(* Let $\mathcal{N}$ be a nonsingular 2-step nilpotent Lie algebra over $\mathbb{R}$. If $\mathcal{N}$ satisfies the partial automatic continuity, then so does $\mathcal{N}\oplus\mathcal{N}$.
   Context: A 2-step nilpotent Lie algebra $\mathcal{N}$ with center $\mathfrak{z}$ is nonsingular if $\operatorname{ad}X:\mathcal{N}\to[\mathcal{N},\mathcal{N}]$ is surjective for every $X\in\mathcal{N}\setminus\mathfrak{z}$. A Lie ring automorphism is a bijective additive bracket-preserving map (not necessarily $\mathbb{R}$-linear); a central automorphism is a Lie ring automorphism $\mu$ with $\mu(x)-x$ central for all $x$. Field automorphisms: if a Lie algebra is a direct sum of ideals $\mathcal{N}_1\oplus\cdots\oplus\mathcal{N}_k$, for each $\mathcal{N}_i$ that is the realification of a complex Lie algebra choose a $\mathbb{C}$-basis $e_1,\dots,e_m$ and a field automorphism $\varphi$ of $\mathbb{C}$ fixing the structure constants and set $\sigma_i(\sum x_le_l)=\sum\varphi(x_l)e_l$, otherwise $\sigma_i=\mathrm{id}$; $\sigma_1\times\cdots\times\sigma_k$ is a field automorphism. A real nilpotent Lie algebra satisfies the partial automatic continuity if every Lie ring automorphism is a composition $\mu\circ\overline{f}\circ\sigma$ of a central automorphism, an $\mathbb{R}$-linear Lie algebra automorphism and a field automorphism. *)

theory Defs
  imports "HOL-Analysis.Analysis"
begin

text \<open>A finite-dimensional real Lie algebra is modelled as a Euclidean space type
  together with a bracket operation.\<close>

definition lie_algebra :: "('a::euclidean_space \<Rightarrow> 'a \<Rightarrow> 'a) \<Rightarrow> bool" where
  "lie_algebra br \<longleftrightarrow> bilinear br \<and> (\<forall>x. br x x = 0) \<and>
     (\<forall>x y z. br x (br y z) + br y (br z x) + br z (br x y) = 0)"

definition lie_center :: "('a::euclidean_space \<Rightarrow> 'a \<Rightarrow> 'a) \<Rightarrow> 'a set" where
  "lie_center br = {z. \<forall>x. br z x = 0}"

definition derived_algebra :: "('a::euclidean_space \<Rightarrow> 'a \<Rightarrow> 'a) \<Rightarrow> 'a set" where
  "derived_algebra br = span {br x y | x y. True}"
---------------
__Your objective__
Every line above that holds the word "mathbb" should be copied out.

__Task result__
(* Let $\mathcal{N}$ be a nonsingular 2-step nilpotent Lie algebra over $\mathbb{R}$. If $\mathcal{N}$ satisfies the partial automatic continuity, then so does $\mathcal{N}\oplus\mathcal{N}$.
   Context: A 2-step nilpotent Lie algebra $\mathcal{N}$ with center $\mathfrak{z}$ is nonsingular if $\operatorname{ad}X:\mathcal{N}\to[\mathcal{N},\mathcal{N}]$ is surjective for every $X\in\mathcal{N}\setminus\mathfrak{z}$. A Lie ring automorphism is a bijective additive bracket-preserving map (not necessarily $\mathbb{R}$-linear); a central automorphism is a Lie ring automorphism $\mu$ with $\mu(x)-x$ central for all $x$. Field automorphisms: if a Lie algebra is a direct sum of ideals $\mathcal{N}_1\oplus\cdots\oplus\mathcal{N}_k$, for each $\mathcal{N}_i$ that is the realification of a complex Lie algebra choose a $\mathbb{C}$-basis $e_1,\dots,e_m$ and a field automorphism $\varphi$ of $\mathbb{C}$ fixing the structure constants and set $\sigma_i(\sum x_le_l)=\sum\varphi(x_l)e_l$, otherwise $\sigma_i=\mathrm{id}$; $\sigma_1\times\cdots\times\sigma_k$ is a field automorphism. A real nilpotent Lie algebra satisfies the partial automatic continuity if every Lie ring automorphism is a composition $\mu\circ\overline{f}\circ\sigma$ of a central automorphism, an $\mathbb{R}$-linear Lie algebra automorphism and a field automorphism. *)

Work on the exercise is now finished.